• DATA LISTING
(* Let $F$ be a Ferrers diagram of semiperimeter $n+1$, $T\in\mathsf{EWtab}(F)$ and $(a_1,\ldots,a_n)\in\mathbb{Z}^n$. Then $(T,(a_1,\ldots,a_n))$ is a decorated EW-tableau if and only if $(\Psi(T),(a_1,\ldots,a_n))$ is a (stable) decorated permutation.
   Context: Ferrers diagrams and graphs: a Ferrers diagram $F$ (English convention) of semiperimeter $n+1$ has rows and columns labeled by $0,\ldots,n$: the $n+1$ unit steps of its south-east boundary path, traversed from top-right to bottom-left, are labeled $0,\ldots,n$; a vertical step labels the row it bounds, a horizontal step the column it bounds (top row labeled $0$). $\mathsf{rows}(F)$, $\mathsf{cols}(F)$ are the label sets; $F$ has a cell in row $i$, column $j$ iff $i<j$. $G(F)$ has vertex set $\{0,\ldots,n\}$ with edges $\{i,j\}$ for $i\in\mathsf{rows}(F)$, $j\in\mathsf{cols}(F)$, $i<j$. Sandpile model on $G(F)$ with sink $0$: configurations $c\in\mathbb{N}^n$; non-sink $v$ unstable if $c_v\ge\deg(v)$; toppling sends one grain to each neighbour (grains to $0$ disappear); toppling the sink adds one grain to each neighbour of $0$. Canonical toppling of a recurrent configuration $c$: topple the sink ($U^{(0)}_c=\{0\}$), then alternately topple simultaneously all unstable vertices in $\mathsf{cols}(F)$ ($V^{(1)}_c$), all unstable in $\mathsf{rows}(F)$ ($U^{(1)}_c$), etc.; $\mathsf{CanonTop}(c)=(U^{(0)}_c,V^{(1)}_c,U^{(1)}_c,\ldots)$ is an ordered partition of $\{0,\ldots,n\}$. EW-tableaux: $0/1$-fillings $T$ of $F$ with top row all 1s, a 0 in every other row, and no rectangle with 0s in two diagonally opposite corners and 1s in the other two; $\mathsf{EWtab}(F)$ is their set. $\phi_{TC}(T)$ is the (recurrent) configuration with $c_i$ = number of 1s in row $i$ ($i\in\mathsf{rows}(F)$), $c_i$ = number of 0s in column $i$ ($i\in\mathsf{cols}(F)$). $\mathsf{CanonTop}(T):=\mathsf{CanonTop}(\phi_{TC}(T))=(U^{(0)}_T,V^{(1)}_T,U^{(1)}_T,\ldots)$. $\Psi(T)$ is the word $\mathsf{inc}(V^{(1)}_T)\,\mathsf{dec}(U^{(1)}_T)\,\mathsf{inc}(V^{(2)}_T)\,\mathsf{dec}(U^{(2)}_T)\cdots$ (inc/dec = increasing/decreasing listing); it is a permutation of $[n]$ (this is the known bijection from $\mathsf{EWtab}(F)$ onto permutations of $[n]$ whose set of descent bottoms is $\mathsf{rows}(F)\setminus\{0\}$). A decorated EW-tableau is a pair $(T,(x_1,\ldots,x_n))$ with $T\in\mathsf{EWtab}(F)$, $0\le x_i<$ (number of 0s in row $i$ of $T$) for $i\in\mathsf{rows}(F)$, and $0\le x_i<$ (number of 1s in column $i$ of $T$) for $i\in\mathsf{cols}(F)$. Permutations: for a permutation $\pi=\pi_1\cdots\pi_n$ of $[n]$, the letter $\pi_i$ is an ascent top if $i=1$ or $\pi_{i-1}<\pi_i$, and a descent bottom if $\pi_{i-1}>\pi_i$. The run decomposition $\mathsf{RunDec}(\pi)=(D^{(0)}_\pi,A^{(1)}_\pi,D^{(1)}_\pi,A^{(2)}_\pi,\ldots)$ has $D^{(0)}_\pi=\{0\}$ followed by the sets of letters of the maximal factors of $\pi$ consisting alternately of ascent tops ($A$-blocks) and descent bottoms ($D$-blocks). A (stable) decorated permutation is a pair $(\pi,(a_1,\ldots,a_n))$ with $\pi$ a permutation of $[n]$ such that $0\le a_i<|\{j\in A^{(k)}_\pi: j>i,\ k\le\ell\}|$ if $i\in D^{(\ell)}_\pi$, and $0\le a_i<|\{j\in D^{(k)}_\pi: j<i,\ k<\ell\}|$ if $i\in A^{(\ell)}_\pi$ (here $a_i$ is attached to the letter $i$). *)

theory Defs
  imports Main
begin

text \<open>A Ferrers diagram of semiperimeter n+1 is encoded by n and the set R of row labels
  (labels of the vertical steps of the boundary path); the column labels are the remaining
  labels in {0..n}. The top row is labelled 0 (first step vertical) and, since every column is
  nonempty, the last step n is horizontal.\<close>

definition ferrers :: "nat \<Rightarrow> nat set \<Rightarrow> bool" where
  "ferrers n R \<longleftrightarrow> R \<subseteq> {0..n} \<and> 0 \<in> R \<and> n \<notin> R"

definition fcols :: "nat \<Rightarrow> nat set \<Rightarrow> nat set" where
  "fcols n R = {0..n} - R"

definition fcell :: "nat \<Rightarrow> nat set \<Rightarrow> nat \<Rightarrow> nat \<Rightarrow> bool" where
  "fcell n R i j \<longleftrightarrow> i \<in> R \<and> j \<in> fcols n R \<and> i < j"

definition fadj :: "nat \<Rightarrow> nat set \<Rightarrow> nat \<Rightarrow> nat \<Rightarrow> bool" where
  "fadj n R u v \<longleftrightarrow> fcell n R u v \<or> fcell n R v u"

definition fdeg :: "nat \<Rightarrow> nat set \<Rightarrow> nat \<Rightarrow> nat" where
  "fdeg n R v = card {u \<in> {0..n}. fadj n R v u}"

text \<open>Simultaneous toppling of a set S of vertices (the value at the sink 0 is irrelevant).\<close>
definition topple :: "nat \<Rightarrow> nat set \<Rightarrow> nat set \<Rightarrow> (nat \<Rightarrow> int) \<Rightarrow> (nat \<Rightarrow> int)" where
  "topple n R S c = (\<lambda>v. c v - (if v \<in> S then int (fdeg n R v) else 0)
                        + int (card {u \<in> S. fadj n R u v}))"

text \<open>Canonical toppling: step 0 topples the sink; step 2k-1 topples all unstable columns
  (block V^(k)), step 2k all unstable non-sink rows (block U^(k)).\<close>
fun canon_step :: "nat \<Rightarrow> nat set \<Rightarrow> (nat \<Rightarrow> int) \<Rightarrow> nat \<Rightarrow> nat set \<times> (nat \<Rightarrow> int)" where
  "canon_step n R c 0 = ({0}, topple n R {0} c)"
| "canon_step n R c (Suc k) =
     (let c' = snd (canon_step n R c k);
          S = (if even k then {v \<in> fcols n R. c' v \<ge> int (fdeg n R v)}
               else {v \<in> R. v \<noteq> 0 \<and> c' v \<ge> int (fdeg n R v)})
      in (S, topple n R S c'))"

definition canon_block :: "nat \<Rightarrow> nat set \<Rightarrow> (nat \<Rightarrow> int) \<Rightarrow> nat \<Rightarrow> nat set" where
  "canon_block n R c k = fst (canon_step n R c k)"

definition V_blk :: "nat \<Rightarrow> nat set \<Rightarrow> (nat \<Rightarrow> int) \<Rightarrow> nat \<Rightarrow> nat set" where
  "V_blk n R c k = canon_block n R c (2 * k - 1)"

definition U_blk :: "nat \<Rightarrow> nat set \<Rightarrow> (nat \<Rightarrow> int) \<Rightarrow> nat \<Rightarrow> nat set" where
  "U_blk n R c k = canon_block n R c (2 * k)"

text \<open>A 0/1 filling is a predicate T with T i j = True meaning a 1 in cell (i,j);
  T is False outside the cells of F.\<close>

definition EWtab :: "nat \<Rightarrow> nat set \<Rightarrow> (nat \<Rightarrow> nat \<Rightarrow> bool) set" where
  "EWtab n R = {T.
     (\<forall>i j. T i j \<longrightarrow> fcell n R i j) \<and>
     (\<forall>j. fcell n R 0 j \<longrightarrow> T 0 j) \<and>
     (\<forall>i \<in> R - {0}. \<exists>j. fcell n R i j \<and> \<not> T i j) \<and>
     (\<forall>i i' j j'. i < i' \<and> j < j' \<and> fcell n R i j \<and> fcell n R i j' \<and>
                  fcell n R i' j \<and> fcell n R i' j' \<longrightarrow>
        \<not> (\<not> T i j \<and> \<not> T i' j' \<and> T i j' \<and> T i' j) \<and>
        \<not> (\<not> T i j' \<and> \<not> T i' j \<and> T i j \<and> T i' j'))}"

definition row_ones :: "nat \<Rightarrow> nat set \<Rightarrow> (nat \<Rightarrow> nat \<Rightarrow> bool) \<Rightarrow> nat \<Rightarrow> nat" where
  "row_ones n R T i = card {j. fcell n R i j \<and> T i j}"

definition row_zeros :: "nat \<Rightarrow> nat set \<Rightarrow> (nat \<Rightarrow> nat \<Rightarrow> bool) \<Rightarrow> nat \<Rightarrow> nat" where
  "row_zeros n R T i = card {j. fcell n R i j \<and> \<not> T i j}"

definition col_ones :: "nat \<Rightarrow> nat set \<Rightarrow> (nat \<Rightarrow> nat \<Rightarrow> bool) \<Rightarrow> nat \<Rightarrow> nat" where
  "col_ones n R T j = card {i. fcell n R i j \<and> T i j}"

• TASK ITEM
Look above for the line containing "(\<forall>i \<in> R"; copy from it through the last line, exactly, and nothing more.

• RESPONSE AREA
     (\<forall>i \<in> R - {0}. \<exists>j. fcell n R i j \<and> \<not> T i j) \<and>
     (\<forall>i i' j j'. i < i' \<and> j < j' \<and> fcell n R i j \<and> fcell n R i j' \<and>
                  fcell n R i' j \<and> fcell n R i' j' \<longrightarrow>
        \<not> (\<not> T i j \<and> \<not> T i' j' \<and> T i j' \<and> T i' j) \<and>
        \<not> (\<not> T i j' \<and> \<not> T i' j \<and> T i j \<and> T i' j'))}"

definition row_ones :: "nat \<Rightarrow> nat set \<Rightarrow> (nat \<Rightarrow> nat \<Rightarrow> bool) \<Rightarrow> nat \<Rightarrow> nat" where
  "row_ones n R T i = card {j. fcell n R i j \<and> T i j}"

definition row_zeros :: "nat \<Rightarrow> nat set \<Rightarrow> (nat \<Rightarrow> nat \<Rightarrow> bool) \<Rightarrow> nat \<Rightarrow> nat" where
  "row_zeros n R T i = card {j. fcell n R i j \<and> \<not> T i j}"

definition col_ones :: "nat \<Rightarrow> nat set \<Rightarrow> (nat \<Rightarrow> nat \<Rightarrow> bool) \<Rightarrow> nat \<Rightarrow> nat" where
  "col_ones n R T j = card {i. fcell n R i j \<and> T i j}"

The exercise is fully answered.